Debbie reviewed information blocking as it relates to HIM and release of information. While most of the information blocking regulation is technical in nature and relates to technical barriers such as hardware and software, there are administrative barriers such as fees, forms, policies, and authorizations that HIM should be aware of and be prepared to address.

If a request is not fulfilled for a requestor when it would be allowed under HIPAA, that is considered information blocking. Having stricter security for access than what is required by HIPAA would be considered information blocking.  Requiring more information than is needed to fulfill a request would be considered information blocking.

HIM leaders should be reviewing their policies and procedures as well as their authorizations and ID requirements to ensure they are incompliance with the information blocking rules.

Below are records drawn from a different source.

lemma cauchy_schwarz5:
  "(a1*b1 + a2*b2 + a3*b3 + a4*b4 + a5*b5)^2
     \<le> (a1^2 + a2^2 + a3^2 + a4^2 + a5^2) * (b1^2 + b2^2 + b3^2 + b4^2 + b5^2)"
  for a1 a2 a3 a4 a5 b1 b2 b3 b4 b5 :: real
proof -
  have "(a1^2 + a2^2 + a3^2 + a4^2 + a5^2) * (b1^2 + b2^2 + b3^2 + b4^2 + b5^2)
      - (a1*b1 + a2*b2 + a3*b3 + a4*b4 + a5*b5)^2
    = (a1*b2-a2*b1)^2 + (a1*b3-a3*b1)^2 + (a1*b4-a4*b1)^2 + (a1*b5-a5*b1)^2 + (a2*b3-a3*b2)^2
    + (a2*b4-a4*b2)^2 + (a2*b5-a5*b2)^2 + (a3*b4-a4*b3)^2 + (a3*b5-a5*b3)^2 + (a4*b5-a5*b4)^2"
    by (simp add: algebra_simps power2_eq_square)
  moreover have "0 \<le> (a1*b2-a2*b1)^2 + (a1*b3-a3*b1)^2 + (a1*b4-a4*b1)^2 + (a1*b5-a5*b1)^2
    + (a2*b3-a3*b2)^2 + (a2*b4-a4*b2)^2 + (a2*b5-a5*b2)^2 + (a3*b4-a4*b3)^2 + (a3*b5-a5*b3)^2
    + (a4*b5-a5*b4)^2"
    by (intro add_nonneg_nonneg zero_le_power2)
  ultimately show ?thesis by linarith
qed

lemma pfaffian4_bound: "2 * \<bar>u*v - w*z + p*q\<bar> \<le> u^2 + v^2 + w^2 + z^2 + p^2 + q^2" for u v w z p q :: real
proof -
  have "u^2 + v^2 + w^2 + z^2 + p^2 + q^2 - 2 * (u*v - w*z + p*q) = (u - v)^2 + (w + z)^2 + (p - q)^2"
    "u^2 + v^2 + w^2 + z^2 + p^2 + q^2 + 2 * (u*v - w*z + p*q) = (u + v)^2 + (w - z)^2 + (p + q)^2"
    by (simp_all add: algebra_simps power2_eq_square)
  moreover have "0 \<le> (u - v)^2 + (w + z)^2 + (p - q)^2" "0 \<le> (u + v)^2 + (w - z)^2 + (p + q)^2"
    by (intro add_nonneg_nonneg zero_le_power2)+
  ultimately have "\<bar>2 * (u*v - w*z + p*q)\<bar> \<le> u^2 + v^2 + w^2 + z^2 + p^2 + q^2"
    unfolding abs_le_iff by linarith
  then show ?thesis
    by (simp only: abs_mult abs_numeral)
qed

lemma amgm_cubic: "0 \<le> A \<Longrightarrow> 0 \<le> M \<Longrightarrow> 27 * A * M^2 \<le> 4 * (A + M)^3" for A M :: real
proof -
  assume "0 \<le> A" "0 \<le> M"
  then have "0 \<le> (M - 2*A)^2 * (4*M + A)" by simp
  moreover have "4 * (A + M)^3 - 27 * A * M^2 = (M - 2*A)^2 * (4*M + A)"
    by (simp add: algebra_simps power2_eq_square power3_eq_cube)
  ultimately show ?thesis by linarith
qed

text \<open>Expanding along the first row, Cauchy--Schwarz, the bound \<open>|P\<^sub>k| \<le> S\<^sub>k/2\<close> for the
  \<open>4 \<times> 4\<close> Pfaffians \<open>P\<^sub>k\<close> (where the \<open>S\<^sub>k\<close> sum to three times the weight \<open>M\<close> of the lower block)
  and AM-GM give \<open>36 Pf\<^sup>2 \<le> 27 A M\<^sup>2 \<le> 4 (A + M)\<^sup>3\<close>.\<close>
lemma pfaffian6_bound:
  "36 * (pfaffian6 x01 x02 x03 x04 x05 x12 x13 x14 x15 x23 x24 x25 x34 x35 x45)^2
   \<le> 4 * (x01^2 + x02^2 + x03^2 + x04^2 + x05^2 + x12^2 + x13^2 + x14^2 + x15^2 + x23^2 + x24^2
          + x25^2 + x34^2 + x35^2 + x45^2)^3"
proof -
  define P1 where "P1 = x23*x45 - x24*x35 + x25*x34"
  define P2 where "P2 = x13*x45 - x14*x35 + x15*x34"
  define P3 where "P3 = x12*x45 - x14*x25 + x15*x24"
  define P4 where "P4 = x12*x35 - x13*x25 + x15*x23"
  define P5 where "P5 = x12*x34 - x13*x24 + x14*x23"
  define S1 where "S1 = x23^2 + x45^2 + x24^2 + x35^2 + x25^2 + x34^2"
  define S2 where "S2 = x13^2 + x45^2 + x14^2 + x35^2 + x15^2 + x34^2"
  define S3 where "S3 = x12^2 + x45^2 + x14^2 + x25^2 + x15^2 + x24^2"
  define S4 where "S4 = x12^2 + x35^2 + x13^2 + x25^2 + x15^2 + x23^2"
  define S5 where "S5 = x12^2 + x34^2 + x13^2 + x24^2 + x14^2 + x23^2"
  define A where "A = x01^2 + x02^2 + x03^2 + x04^2 + x05^2"
  define M where "M = x12^2 + x13^2 + x14^2 + x15^2 + x23^2 + x24^2 + x25^2 + x34^2 + x35^2 + x45^2"
  let ?Pf = "pfaffian6 x01 x02 x03 x04 x05 x12 x13 x14 x15 x23 x24 x25 x34 x35 x45"
  have A0: "0 \<le> A" and M0: "0 \<le> M"
    unfolding A_def M_def by (intro add_nonneg_nonneg zero_le_power2)+
  have "?Pf = x01*P1 + (-x02)*P2 + x03*P3 + (-x04)*P4 + x05*P5"
    unfolding pfaffian6_def P1_def P2_def P3_def P4_def P5_def by simp
  then have Pf_le: "?Pf^2 \<le> A * (P1^2 + P2^2 + P3^2 + P4^2 + P5^2)"
    using cauchy_schwarz5[of x01 P1 "-x02" P2 x03 P3 "-x04" P4 x05 P5] unfolding A_def by simp
  have sq_le: "P^2 \<le> M * S / 4" if "2 * \<bar>P\<bar> \<le> S" "S \<le> M" for P S :: real
  proof -
    have "(2 * \<bar>P\<bar>)^2 \<le> S^2" using that(1) by (intro power_mono) auto
    also have "S^2 \<le> M * S" using that by (simp add: power2_eq_square mult_right_mono)
    finally show ?thesis by simp
  qed
  have "P1^2 + P2^2 + P3^2 + P4^2 + P5^2 \<le> M * S1 / 4 + M * S2 / 4 + M * S3 / 4 + M * S4 / 4 + M * S5 / 4"
    unfolding P1_def P2_def P3_def P4_def P5_def
    by (intro add_mono sq_le pfaffian4_bound[THEN order_trans])
      (simp_all add: S1_def S2_def S3_def S4_def S5_def M_def add_increasing add_increasing2)
  also have "\<dots> = M * (S1 + S2 + S3 + S4 + S5) / 4"
    by (simp add: distrib_left add_divide_distrib)
  also have "S1 + S2 + S3 + S4 + S5 = 3 * M"
    by (simp add: S1_def S2_def S3_def S4_def S5_def M_def)
  also have "M * (3 * M) / 4 = 3 * M^2 / 4"
    by (simp add: power2_eq_square)
  finally have "A * (P1^2 + P2^2 + P3^2 + P4^2 + P5^2) \<le> A * (3 * M^2 / 4)"
    using A0 by (rule mult_left_mono)
  then have "36 * ?Pf^2 \<le> 27 * A * M^2"
    using Pf_le by linarith
  also have "\<dots> \<le> 4 * (A + M)^3"
    by (rule amgm_cubic[OF A0 M0])
  finally show ?thesis
    by (simp add: A_def M_def add.assoc)
qed

lemma std_norm_identity:
  assumes a: "is_k_form 2 (a::real form)"
  shows "(\<Sum>S\<in>Pow {..<6}. (a S)^2)
       + (\<Sum>S\<in>Pow {..<6}. (form_smult (1/2) (wedge (wedge std_symplectic std_symplectic) a) S)^2)
       = (\<Sum>S\<in>Pow {..<6}. (wedge a std_symplectic S)^2)"
  unfolding sum_sq_two_form[OF a] sum_sq_wedge_std_symplectic[OF a] sum_sq_std_symplectic_sq_wedge[OF a]
  by (simp add: algebra_simps power2_eq_square)

lemma std_norm_wedge_symplectic_le:
  assumes a: "is_k_form 2 (a::real form)"
  shows "(\<Sum>S\<in>Pow {..<6}. (wedge a std_symplectic S)^2) \<le> 4 * (\<Sum>S\<in>Pow {..<6}. (a S)^2)"
proof -
  have "(a{0,1} + a{2,3} + a{4,5})^2 \<le> 3 * (a{0,1}^2 + a{2,3}^2 + a{4,5}^2)"
    by (rule sum_sq_le_3)
  also have "a{0,1}^2 + a{2,3}^2 + a{4,5}^2 \<le> (\<Sum>S\<in>Pow {..<6}. (a S)^2)"
    unfolding sum_sq_two_form[OF a] by (simp add: add_increasing add_increasing2)
  finally show ?thesis
    using std_norm_identity[OF a] sum_sq_std_symplectic_sq_wedge[OF a] by linarith
qed

lemma std_norm_cube_le:
  assumes a: "is_k_form 2 (a::real form)"
  shows "(\<Sum>S\<in>Pow {..<6}. (wedge (wedge a a) a S)^2) \<le> 6 * (\<Sum>S\<in>Pow {..<6}. (a S)^2)^3"
proof -
  have "is_k_form 6 (wedge (wedge a a) a)"
    using is_k_form_wedge[OF is_k_form_wedge[OF a a] a] by simp
  then have "(\<Sum>S\<in>Pow {..<6}. (wedge (wedge a a) a S)^2) = 36 * (pfaffian6 (a{0,1}) (a{0,2}) (a{0,3})
      (a{0,4}) (a{0,5}) (a{1,2}) (a{1,3}) (a{1,4}) (a{1,5}) (a{2,3}) (a{2,4}) (a{2,5}) (a{3,4}) (a{3,5})
      (a{4,5}))^2"
    by (simp add: sum_sq_six_form wedge_cube_top[OF a] power_mult_distrib)
  also have "\<dots> \<le> 4 * (\<Sum>S\<in>Pow {..<6}. (a S)^2)^3"
    unfolding sum_sq_two_form[OF a] by (rule pfaffian6_bound)
  also have "\<dots> \<le> 6 * (\<Sum>S\<in>Pow {..<6}. (a S)^2)^3"
    by (simp add: sum_nonneg)
  finally show ?thesis .
qed

theorem lemma4p1:
  fixes \<omega> \<rho> \<alpha> :: "real form" and e :: "nat \<Rightarrow> real form"
  assumes "su3_adapted e \<omega> \<rho>"
    and "is_k_form 2 \<alpha>"
  shows "(form_norm e \<alpha>)^2 + (form_norm e (form_smult (1/2) (wedge (wedge \<omega> \<omega>) \<alpha>)))^2
           = (form_norm e (wedge \<alpha> \<omega>))^2
       \<and> (form_norm e (wedge \<alpha> \<omega>))^2 \<le> 4 * (form_norm e \<alpha>)^2
       \<and> (form_norm e (wedge (wedge \<alpha> \<alpha>) \<alpha>))^2 \<le> 6 * (form_norm e \<alpha>)^6"
proof -
  have b: "is_dual_basis e"
    and \<omega>: "\<omega> = form_add (form_add (wedge (e 0) (e 1)) (wedge (e 2) (e 3))) (wedge (e 4) (e 5))"
    using assms(1) unfolding su3_adapted_def by auto
  have e1: "\<forall>i<6. is_k_form 1 (e i)" using b by (rule is_dual_basis_one_forms)
  define a where "a = coords e \<alpha>"
  have a: "is_k_form 2 a" and \<alpha>_eq: "\<alpha> = expand e a"
    using is_k_form_coords[OF b assms(2)] unfolding a_def by auto
  have \<omega>_eq: "\<omega> = expand e std_symplectic"
    by (simp add: \<omega> std_symplectic_def expand_add expand_dx elem_form_pair[OF e1])
  have supp: "\<forall>S. \<not> S \<subseteq> {..<6} \<longrightarrow> form_smult r (wedge x y) S = 0" for r and x y :: "real form"
    by (simp add: wedge_def form_smult_def)
  have "coords e (wedge \<alpha> \<omega>) = wedge a std_symplectic"
    by (rule coords_eqI[OF b supp[of 1, simplified]]) (simp add: \<alpha>_eq \<omega>_eq expand_wedge[OF e1])
  moreover have "coords e (form_smult (1/2) (wedge (wedge \<omega> \<omega>) \<alpha>))
      = form_smult (1/2) (wedge (wedge std_symplectic std_symplectic) a)"
    by (rule coords_eqI[OF b supp]) (simp add: \<alpha>_eq \<omega>_eq expand_wedge[OF e1] expand_smult)
  moreover have "coords e (wedge (wedge \<alpha> \<alpha>) \<alpha>) = wedge (wedge a a) a"
    by (rule coords_eqI[OF b supp[of 1, simplified]]) (simp add: \<alpha>_eq expand_wedge[OF e1])
  moreover have "(form_norm e \<alpha>)^6 = ((form_norm e \<alpha>)^2)^3"
    by (simp flip: power_mult)
  ultimately show ?thesis
    using std_norm_identity[OF a] std_norm_wedge_symplectic_le[OF a] std_norm_cube_le[OF a]
    by (simp add: form_norm_squared a_def)
qed

end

Julia strongly recommends reviewing the rejection letter policies to ensure your best practices align with the new rules. Rejecting requests for reasons such as electronic signatures, original signatures, stricter rules around expiration dates, requests for any and all, etc. may represent information blocking concerns.

Continued Disclosure Management Trends Aside from HIPAA and Information Blocking

Digital requests are expected to continue to increase. Having the technology to intake these requests and manage them in a timely and accurate manner is of utmost importance. Working to centralize those requests to a group of individuals for managing, processing, and accountability is something to strive for in ensuring you can meet these demands. This is where it is vitally important to have the right vendor partner who has the technology to support your organization.

Hybrid workforces and staffing challenges will be a continuing trend.  Verisma has workforce training and support centers located throughout the country with a main distribution center located in Syracuse, NY. Verisma can also supply on-site support as well. Again, having the right vendor who can be flexible and work with you to meet your needs will help your organization through these continuing workforce challenges.

In conclusion, it is not too soon to prepare your department and your organization for these proposed changes and ongoing disclosure management trends. Prepare your organization by educating your administration, legal, risk, and other department leaders on the proposed changes and what they will mean for your organization. Review your current policies, procedures, and authorizations and make the changes now.  Seek out technology that can help you and work closely with an ROI vendor who can support you to achieve your goals. HIM leaders should be the ones to lead the way to their organization’s compliance and success!